The answer must be one number: the count of lines in the data below that include "only".

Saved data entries
◆ ◆ ◆ ◆ ◆ ◆ ◆
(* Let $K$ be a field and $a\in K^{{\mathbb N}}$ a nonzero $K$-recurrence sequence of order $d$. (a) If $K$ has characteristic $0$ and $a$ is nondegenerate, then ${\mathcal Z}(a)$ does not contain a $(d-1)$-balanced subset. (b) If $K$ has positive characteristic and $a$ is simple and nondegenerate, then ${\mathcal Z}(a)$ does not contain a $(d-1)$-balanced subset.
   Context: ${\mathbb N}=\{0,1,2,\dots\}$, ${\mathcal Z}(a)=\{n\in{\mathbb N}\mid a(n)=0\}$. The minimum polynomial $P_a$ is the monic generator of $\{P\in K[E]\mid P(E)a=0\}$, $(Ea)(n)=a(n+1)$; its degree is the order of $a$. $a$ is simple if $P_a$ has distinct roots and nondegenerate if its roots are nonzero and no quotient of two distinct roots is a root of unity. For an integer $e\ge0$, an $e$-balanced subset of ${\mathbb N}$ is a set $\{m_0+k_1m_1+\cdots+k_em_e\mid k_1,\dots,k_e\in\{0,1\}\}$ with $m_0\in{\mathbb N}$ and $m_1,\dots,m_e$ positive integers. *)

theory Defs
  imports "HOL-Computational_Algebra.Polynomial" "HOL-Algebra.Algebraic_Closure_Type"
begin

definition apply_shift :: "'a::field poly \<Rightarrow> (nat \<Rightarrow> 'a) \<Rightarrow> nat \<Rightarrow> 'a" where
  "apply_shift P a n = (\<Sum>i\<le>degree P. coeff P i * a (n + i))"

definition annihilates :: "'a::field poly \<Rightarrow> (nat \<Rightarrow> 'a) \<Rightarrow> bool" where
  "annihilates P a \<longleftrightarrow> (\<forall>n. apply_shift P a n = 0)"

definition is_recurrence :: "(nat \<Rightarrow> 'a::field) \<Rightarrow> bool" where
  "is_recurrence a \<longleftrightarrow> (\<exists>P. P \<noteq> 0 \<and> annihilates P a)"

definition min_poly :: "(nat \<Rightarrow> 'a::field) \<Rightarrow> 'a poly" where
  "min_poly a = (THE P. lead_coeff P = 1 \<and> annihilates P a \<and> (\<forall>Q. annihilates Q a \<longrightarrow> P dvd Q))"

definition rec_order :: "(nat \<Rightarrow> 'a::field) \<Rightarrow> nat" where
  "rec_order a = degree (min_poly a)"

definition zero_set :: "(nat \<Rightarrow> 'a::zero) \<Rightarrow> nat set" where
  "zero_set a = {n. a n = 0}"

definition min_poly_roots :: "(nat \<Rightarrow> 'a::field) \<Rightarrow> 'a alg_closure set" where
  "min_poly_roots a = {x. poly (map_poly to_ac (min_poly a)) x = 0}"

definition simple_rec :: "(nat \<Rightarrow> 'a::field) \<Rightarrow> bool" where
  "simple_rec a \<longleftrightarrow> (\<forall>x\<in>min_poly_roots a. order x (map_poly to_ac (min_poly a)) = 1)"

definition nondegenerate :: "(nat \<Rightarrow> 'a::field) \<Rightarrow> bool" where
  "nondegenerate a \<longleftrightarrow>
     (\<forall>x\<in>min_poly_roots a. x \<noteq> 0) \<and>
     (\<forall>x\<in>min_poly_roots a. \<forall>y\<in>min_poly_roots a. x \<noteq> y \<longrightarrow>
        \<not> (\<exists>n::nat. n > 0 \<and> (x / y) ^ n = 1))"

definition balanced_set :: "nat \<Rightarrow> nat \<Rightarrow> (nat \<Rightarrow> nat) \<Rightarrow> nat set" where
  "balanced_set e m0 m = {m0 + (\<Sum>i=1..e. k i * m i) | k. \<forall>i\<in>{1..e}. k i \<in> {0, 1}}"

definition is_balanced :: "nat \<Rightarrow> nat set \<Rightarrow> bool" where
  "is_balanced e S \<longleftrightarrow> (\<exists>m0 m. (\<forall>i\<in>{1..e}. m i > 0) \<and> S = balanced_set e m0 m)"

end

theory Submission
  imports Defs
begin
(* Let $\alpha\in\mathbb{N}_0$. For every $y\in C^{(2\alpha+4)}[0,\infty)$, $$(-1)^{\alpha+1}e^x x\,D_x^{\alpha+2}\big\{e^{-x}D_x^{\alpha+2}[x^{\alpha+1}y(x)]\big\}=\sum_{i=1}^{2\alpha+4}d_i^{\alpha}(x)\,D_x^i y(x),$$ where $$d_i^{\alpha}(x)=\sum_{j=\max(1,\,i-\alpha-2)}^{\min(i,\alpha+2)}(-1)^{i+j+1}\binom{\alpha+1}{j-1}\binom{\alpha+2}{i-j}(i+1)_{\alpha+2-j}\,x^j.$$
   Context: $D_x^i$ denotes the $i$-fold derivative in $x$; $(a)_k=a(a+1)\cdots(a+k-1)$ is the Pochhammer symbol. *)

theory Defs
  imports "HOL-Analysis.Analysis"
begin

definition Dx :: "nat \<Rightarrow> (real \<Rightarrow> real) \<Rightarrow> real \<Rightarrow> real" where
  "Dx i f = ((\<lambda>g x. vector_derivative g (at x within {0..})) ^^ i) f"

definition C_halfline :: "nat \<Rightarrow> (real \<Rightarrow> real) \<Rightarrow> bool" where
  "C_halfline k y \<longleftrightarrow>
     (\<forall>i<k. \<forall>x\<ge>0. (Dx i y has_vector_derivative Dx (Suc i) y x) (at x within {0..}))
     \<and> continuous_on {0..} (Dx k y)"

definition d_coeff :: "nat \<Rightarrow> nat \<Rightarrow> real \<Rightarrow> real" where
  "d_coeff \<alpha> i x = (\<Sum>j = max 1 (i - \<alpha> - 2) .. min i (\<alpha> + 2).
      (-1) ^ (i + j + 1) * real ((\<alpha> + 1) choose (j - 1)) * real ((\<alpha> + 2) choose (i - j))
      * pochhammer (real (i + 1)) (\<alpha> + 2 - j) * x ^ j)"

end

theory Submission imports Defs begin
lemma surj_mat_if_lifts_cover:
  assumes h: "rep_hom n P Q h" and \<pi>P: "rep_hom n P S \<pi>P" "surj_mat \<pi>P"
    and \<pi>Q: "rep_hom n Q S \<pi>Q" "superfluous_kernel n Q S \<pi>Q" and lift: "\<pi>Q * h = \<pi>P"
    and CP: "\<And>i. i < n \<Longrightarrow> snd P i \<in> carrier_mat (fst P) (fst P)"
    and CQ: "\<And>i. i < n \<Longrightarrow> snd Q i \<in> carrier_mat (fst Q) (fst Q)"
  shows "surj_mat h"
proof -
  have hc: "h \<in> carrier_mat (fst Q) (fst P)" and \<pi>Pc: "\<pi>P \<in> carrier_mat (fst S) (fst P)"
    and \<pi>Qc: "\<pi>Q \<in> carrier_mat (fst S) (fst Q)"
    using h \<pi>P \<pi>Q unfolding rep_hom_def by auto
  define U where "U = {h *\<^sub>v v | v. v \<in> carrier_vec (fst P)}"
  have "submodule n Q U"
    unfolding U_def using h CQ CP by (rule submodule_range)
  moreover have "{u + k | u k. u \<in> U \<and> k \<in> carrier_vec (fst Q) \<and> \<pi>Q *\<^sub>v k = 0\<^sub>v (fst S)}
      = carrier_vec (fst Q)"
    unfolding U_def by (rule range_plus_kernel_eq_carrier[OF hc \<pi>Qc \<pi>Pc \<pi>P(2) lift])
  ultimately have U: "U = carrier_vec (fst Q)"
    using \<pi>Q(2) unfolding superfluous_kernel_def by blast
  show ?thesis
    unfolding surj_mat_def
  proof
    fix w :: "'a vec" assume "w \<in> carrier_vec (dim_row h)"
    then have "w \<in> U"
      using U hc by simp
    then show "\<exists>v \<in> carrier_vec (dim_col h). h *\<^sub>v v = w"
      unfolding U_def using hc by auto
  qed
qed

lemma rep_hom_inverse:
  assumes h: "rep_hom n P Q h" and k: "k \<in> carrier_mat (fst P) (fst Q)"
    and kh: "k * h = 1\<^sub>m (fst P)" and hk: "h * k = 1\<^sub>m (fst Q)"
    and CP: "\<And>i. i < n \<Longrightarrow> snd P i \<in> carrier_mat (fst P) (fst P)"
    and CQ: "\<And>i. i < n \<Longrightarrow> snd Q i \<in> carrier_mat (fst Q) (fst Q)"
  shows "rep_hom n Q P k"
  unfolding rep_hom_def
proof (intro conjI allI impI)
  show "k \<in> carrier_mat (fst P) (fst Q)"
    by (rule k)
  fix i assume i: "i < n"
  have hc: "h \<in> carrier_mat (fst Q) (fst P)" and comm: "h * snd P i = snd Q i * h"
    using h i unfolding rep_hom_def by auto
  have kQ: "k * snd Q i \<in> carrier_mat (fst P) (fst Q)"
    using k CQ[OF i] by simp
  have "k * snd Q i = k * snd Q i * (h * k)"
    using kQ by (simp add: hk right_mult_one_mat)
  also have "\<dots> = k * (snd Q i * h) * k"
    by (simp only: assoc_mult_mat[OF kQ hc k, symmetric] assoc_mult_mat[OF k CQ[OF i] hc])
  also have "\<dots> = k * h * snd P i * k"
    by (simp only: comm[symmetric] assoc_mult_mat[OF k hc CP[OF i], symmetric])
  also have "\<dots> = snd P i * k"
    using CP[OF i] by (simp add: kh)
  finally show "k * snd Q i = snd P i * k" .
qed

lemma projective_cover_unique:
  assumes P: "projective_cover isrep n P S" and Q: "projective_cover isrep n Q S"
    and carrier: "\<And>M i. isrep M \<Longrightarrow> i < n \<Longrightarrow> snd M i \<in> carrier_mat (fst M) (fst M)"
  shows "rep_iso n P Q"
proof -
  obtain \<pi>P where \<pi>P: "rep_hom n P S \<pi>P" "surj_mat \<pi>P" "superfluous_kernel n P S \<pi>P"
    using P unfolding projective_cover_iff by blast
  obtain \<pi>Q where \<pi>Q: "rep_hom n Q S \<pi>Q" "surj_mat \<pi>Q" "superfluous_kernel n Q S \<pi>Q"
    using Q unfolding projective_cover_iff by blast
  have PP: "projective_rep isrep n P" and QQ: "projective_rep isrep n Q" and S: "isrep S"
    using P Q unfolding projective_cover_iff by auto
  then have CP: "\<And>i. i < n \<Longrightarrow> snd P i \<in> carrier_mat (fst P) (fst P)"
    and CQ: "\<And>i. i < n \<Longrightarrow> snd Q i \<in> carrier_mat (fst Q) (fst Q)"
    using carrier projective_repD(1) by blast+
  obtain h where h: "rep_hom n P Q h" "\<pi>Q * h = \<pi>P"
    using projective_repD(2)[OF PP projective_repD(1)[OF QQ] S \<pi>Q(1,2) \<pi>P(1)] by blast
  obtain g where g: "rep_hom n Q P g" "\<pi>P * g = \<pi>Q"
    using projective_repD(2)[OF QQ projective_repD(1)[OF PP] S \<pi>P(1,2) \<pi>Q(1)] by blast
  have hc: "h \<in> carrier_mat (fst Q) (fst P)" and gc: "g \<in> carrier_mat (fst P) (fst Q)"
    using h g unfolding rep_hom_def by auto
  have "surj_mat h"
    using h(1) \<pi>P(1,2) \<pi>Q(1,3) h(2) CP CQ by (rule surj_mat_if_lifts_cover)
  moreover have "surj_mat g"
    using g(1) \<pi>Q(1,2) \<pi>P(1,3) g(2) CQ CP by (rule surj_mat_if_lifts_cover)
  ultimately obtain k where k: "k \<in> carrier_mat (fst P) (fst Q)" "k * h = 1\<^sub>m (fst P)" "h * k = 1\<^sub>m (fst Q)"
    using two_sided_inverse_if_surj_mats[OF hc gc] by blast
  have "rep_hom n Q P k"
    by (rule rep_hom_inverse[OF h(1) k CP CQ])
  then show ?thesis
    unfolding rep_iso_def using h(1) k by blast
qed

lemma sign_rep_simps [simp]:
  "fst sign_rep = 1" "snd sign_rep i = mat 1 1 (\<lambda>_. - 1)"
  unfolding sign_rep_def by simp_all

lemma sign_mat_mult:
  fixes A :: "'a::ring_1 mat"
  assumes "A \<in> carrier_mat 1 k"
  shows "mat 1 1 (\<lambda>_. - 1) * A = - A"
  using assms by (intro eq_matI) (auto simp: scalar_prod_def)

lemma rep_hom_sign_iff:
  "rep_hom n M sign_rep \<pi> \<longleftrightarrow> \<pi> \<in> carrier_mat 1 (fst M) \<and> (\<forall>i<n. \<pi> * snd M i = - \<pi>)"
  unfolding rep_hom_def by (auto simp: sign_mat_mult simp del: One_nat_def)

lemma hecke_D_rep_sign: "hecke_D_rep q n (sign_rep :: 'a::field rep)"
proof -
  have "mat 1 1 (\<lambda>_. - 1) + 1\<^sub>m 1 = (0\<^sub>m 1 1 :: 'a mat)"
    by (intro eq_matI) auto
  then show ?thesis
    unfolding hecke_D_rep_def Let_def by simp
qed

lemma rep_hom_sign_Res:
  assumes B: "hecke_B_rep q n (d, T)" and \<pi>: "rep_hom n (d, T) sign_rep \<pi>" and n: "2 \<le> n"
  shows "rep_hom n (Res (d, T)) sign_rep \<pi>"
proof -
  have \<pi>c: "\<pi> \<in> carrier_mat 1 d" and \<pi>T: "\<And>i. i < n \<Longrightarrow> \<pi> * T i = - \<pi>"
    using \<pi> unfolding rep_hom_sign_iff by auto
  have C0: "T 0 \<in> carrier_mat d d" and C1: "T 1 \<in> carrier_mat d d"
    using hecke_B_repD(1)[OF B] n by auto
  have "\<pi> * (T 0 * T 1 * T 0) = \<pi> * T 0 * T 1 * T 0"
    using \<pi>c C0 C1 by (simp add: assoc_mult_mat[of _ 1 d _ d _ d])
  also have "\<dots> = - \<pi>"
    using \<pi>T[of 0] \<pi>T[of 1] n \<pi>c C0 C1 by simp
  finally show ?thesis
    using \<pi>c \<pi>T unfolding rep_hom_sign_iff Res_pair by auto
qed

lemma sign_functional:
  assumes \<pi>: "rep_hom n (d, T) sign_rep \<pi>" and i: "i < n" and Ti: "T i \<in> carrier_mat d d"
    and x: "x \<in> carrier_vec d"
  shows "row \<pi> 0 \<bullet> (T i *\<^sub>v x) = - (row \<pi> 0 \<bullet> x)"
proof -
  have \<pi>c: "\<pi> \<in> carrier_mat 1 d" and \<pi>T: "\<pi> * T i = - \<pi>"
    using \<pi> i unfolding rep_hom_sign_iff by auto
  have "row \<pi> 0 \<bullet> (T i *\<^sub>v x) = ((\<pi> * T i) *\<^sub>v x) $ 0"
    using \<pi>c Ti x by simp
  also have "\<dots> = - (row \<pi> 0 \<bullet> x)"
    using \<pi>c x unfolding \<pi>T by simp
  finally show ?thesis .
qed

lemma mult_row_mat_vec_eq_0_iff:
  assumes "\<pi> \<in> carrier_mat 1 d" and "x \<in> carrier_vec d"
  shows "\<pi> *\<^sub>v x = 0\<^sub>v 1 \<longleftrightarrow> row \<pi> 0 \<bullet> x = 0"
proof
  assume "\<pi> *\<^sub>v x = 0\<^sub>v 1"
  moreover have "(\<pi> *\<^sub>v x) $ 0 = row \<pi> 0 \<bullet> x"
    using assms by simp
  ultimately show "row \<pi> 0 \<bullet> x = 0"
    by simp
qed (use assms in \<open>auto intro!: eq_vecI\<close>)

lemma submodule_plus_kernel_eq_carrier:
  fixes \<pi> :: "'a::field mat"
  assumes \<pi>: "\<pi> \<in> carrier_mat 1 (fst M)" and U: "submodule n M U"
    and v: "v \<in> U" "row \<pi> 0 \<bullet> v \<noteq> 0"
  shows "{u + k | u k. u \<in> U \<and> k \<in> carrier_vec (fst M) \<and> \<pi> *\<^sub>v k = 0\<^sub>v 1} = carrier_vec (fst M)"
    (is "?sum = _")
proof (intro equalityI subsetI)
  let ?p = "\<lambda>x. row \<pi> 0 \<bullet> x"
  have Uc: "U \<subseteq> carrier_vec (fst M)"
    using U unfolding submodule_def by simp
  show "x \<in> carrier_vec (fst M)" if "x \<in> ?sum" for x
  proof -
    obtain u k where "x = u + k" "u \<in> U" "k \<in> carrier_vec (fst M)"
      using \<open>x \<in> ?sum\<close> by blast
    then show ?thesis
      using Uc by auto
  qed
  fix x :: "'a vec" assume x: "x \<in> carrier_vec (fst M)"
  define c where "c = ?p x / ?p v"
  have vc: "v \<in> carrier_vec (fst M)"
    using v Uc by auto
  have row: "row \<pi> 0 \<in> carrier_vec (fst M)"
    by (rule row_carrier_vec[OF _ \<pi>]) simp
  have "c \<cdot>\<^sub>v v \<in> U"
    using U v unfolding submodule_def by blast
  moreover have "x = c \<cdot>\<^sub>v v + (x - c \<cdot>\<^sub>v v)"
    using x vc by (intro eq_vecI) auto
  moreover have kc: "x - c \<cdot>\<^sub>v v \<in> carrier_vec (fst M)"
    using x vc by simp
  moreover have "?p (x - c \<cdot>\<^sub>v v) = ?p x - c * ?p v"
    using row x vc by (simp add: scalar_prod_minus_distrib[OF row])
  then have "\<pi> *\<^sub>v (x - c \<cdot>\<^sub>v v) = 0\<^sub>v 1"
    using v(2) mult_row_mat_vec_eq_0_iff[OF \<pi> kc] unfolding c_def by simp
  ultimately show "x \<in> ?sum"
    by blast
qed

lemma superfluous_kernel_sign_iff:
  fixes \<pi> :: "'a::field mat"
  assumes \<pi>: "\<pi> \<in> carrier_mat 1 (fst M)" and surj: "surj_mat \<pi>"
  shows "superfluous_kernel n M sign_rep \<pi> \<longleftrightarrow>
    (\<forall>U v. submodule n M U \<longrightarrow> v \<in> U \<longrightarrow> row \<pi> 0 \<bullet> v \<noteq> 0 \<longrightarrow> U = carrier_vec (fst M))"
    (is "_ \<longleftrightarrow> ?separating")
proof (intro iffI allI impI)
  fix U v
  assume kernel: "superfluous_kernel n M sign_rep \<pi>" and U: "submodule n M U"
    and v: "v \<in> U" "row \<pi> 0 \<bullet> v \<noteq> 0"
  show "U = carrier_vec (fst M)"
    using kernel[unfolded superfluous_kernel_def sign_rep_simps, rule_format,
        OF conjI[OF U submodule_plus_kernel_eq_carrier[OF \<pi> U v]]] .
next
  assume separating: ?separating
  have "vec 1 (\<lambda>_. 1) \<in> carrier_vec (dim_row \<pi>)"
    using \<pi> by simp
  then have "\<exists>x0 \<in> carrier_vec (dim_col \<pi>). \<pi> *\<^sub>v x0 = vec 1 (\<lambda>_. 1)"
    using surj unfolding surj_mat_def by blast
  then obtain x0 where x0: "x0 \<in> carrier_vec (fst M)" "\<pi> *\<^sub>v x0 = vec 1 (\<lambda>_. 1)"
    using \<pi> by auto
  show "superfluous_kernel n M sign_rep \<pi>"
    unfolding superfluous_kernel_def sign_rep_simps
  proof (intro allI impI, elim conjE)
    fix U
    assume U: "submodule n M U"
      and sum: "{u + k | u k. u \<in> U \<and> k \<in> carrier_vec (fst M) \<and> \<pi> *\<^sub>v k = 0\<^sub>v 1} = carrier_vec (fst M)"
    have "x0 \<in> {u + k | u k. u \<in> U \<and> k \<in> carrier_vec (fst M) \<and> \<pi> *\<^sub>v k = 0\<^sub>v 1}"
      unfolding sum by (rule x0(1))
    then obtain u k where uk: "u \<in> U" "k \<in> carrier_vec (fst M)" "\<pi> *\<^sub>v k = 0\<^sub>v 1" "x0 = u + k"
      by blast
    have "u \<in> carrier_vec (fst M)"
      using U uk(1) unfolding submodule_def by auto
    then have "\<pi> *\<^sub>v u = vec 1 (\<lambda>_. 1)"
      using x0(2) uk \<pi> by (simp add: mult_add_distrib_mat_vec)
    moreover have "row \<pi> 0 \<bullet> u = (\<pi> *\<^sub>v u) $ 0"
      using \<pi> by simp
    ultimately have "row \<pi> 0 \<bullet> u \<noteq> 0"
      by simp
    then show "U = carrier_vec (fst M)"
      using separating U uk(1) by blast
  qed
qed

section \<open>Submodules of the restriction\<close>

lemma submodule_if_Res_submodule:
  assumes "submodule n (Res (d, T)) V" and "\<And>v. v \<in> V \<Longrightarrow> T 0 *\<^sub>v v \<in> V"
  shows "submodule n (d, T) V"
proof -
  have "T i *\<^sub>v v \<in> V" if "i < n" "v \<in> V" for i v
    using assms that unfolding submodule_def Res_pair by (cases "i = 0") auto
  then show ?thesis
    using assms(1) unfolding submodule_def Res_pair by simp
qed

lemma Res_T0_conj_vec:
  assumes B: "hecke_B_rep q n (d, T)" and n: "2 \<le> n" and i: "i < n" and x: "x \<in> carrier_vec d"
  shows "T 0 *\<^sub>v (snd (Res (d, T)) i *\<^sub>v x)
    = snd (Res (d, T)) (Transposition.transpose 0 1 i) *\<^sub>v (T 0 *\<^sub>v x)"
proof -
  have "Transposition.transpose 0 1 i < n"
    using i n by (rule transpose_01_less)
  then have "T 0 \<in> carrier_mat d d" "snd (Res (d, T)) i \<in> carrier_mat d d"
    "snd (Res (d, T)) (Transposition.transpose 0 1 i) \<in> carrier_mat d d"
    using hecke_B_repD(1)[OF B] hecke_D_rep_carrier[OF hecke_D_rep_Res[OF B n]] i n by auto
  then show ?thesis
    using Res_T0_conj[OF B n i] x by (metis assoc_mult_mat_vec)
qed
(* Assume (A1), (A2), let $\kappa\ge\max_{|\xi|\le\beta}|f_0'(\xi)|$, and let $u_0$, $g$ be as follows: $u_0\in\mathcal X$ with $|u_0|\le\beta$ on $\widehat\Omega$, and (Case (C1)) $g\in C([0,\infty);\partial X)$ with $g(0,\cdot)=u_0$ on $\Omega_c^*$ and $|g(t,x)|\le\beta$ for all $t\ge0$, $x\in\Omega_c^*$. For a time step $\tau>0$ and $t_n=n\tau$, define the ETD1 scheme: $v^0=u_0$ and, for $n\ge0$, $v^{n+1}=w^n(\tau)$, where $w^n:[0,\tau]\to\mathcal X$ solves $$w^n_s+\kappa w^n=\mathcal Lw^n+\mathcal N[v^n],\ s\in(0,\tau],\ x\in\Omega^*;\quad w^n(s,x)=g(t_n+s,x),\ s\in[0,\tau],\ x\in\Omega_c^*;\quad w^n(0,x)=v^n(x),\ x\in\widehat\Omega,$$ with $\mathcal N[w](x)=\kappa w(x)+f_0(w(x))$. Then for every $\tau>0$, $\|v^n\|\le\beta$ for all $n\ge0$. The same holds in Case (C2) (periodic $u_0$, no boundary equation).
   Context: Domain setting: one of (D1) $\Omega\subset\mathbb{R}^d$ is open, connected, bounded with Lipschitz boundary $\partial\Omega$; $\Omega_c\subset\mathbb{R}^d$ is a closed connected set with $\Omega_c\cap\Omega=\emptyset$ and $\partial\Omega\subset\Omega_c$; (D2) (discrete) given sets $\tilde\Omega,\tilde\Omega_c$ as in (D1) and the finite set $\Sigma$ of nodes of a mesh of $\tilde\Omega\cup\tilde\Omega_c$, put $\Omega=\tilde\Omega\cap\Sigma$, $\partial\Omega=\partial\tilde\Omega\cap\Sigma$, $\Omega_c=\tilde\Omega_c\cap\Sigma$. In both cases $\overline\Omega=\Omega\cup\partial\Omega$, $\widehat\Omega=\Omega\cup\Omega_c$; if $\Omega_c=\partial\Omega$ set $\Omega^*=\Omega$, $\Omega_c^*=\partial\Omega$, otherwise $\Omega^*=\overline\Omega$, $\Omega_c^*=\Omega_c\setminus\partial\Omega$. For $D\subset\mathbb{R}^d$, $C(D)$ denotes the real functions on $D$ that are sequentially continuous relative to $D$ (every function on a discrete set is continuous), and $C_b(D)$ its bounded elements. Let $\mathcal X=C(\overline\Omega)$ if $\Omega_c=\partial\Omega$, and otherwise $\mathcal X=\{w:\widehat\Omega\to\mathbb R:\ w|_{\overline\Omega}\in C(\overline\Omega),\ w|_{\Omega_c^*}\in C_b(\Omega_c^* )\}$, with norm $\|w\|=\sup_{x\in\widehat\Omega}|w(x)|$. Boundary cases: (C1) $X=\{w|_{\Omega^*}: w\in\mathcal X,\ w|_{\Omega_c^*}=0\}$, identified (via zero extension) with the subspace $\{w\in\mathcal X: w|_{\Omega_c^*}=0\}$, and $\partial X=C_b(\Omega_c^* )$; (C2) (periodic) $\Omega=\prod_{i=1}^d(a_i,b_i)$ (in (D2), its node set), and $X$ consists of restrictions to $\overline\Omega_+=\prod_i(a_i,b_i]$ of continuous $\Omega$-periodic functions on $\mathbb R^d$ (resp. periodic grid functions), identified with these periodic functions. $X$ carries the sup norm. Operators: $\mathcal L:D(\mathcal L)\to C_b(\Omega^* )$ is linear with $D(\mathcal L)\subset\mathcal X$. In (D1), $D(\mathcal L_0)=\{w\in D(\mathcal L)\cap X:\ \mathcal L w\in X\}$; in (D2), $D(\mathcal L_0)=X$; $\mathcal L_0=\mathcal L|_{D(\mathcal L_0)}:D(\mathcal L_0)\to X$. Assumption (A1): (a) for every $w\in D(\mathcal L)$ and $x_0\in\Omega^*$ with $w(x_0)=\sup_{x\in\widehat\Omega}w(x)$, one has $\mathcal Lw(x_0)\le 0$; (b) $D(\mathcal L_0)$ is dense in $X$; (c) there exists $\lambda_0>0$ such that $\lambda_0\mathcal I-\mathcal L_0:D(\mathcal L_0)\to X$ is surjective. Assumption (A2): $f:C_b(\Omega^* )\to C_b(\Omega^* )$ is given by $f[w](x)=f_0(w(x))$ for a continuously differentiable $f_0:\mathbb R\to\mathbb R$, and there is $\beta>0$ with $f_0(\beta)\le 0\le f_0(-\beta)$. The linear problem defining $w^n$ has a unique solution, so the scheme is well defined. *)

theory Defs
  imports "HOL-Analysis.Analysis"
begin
◆ ◆ ◆ ◆ ◆ ◆ ◆
Written answer:
2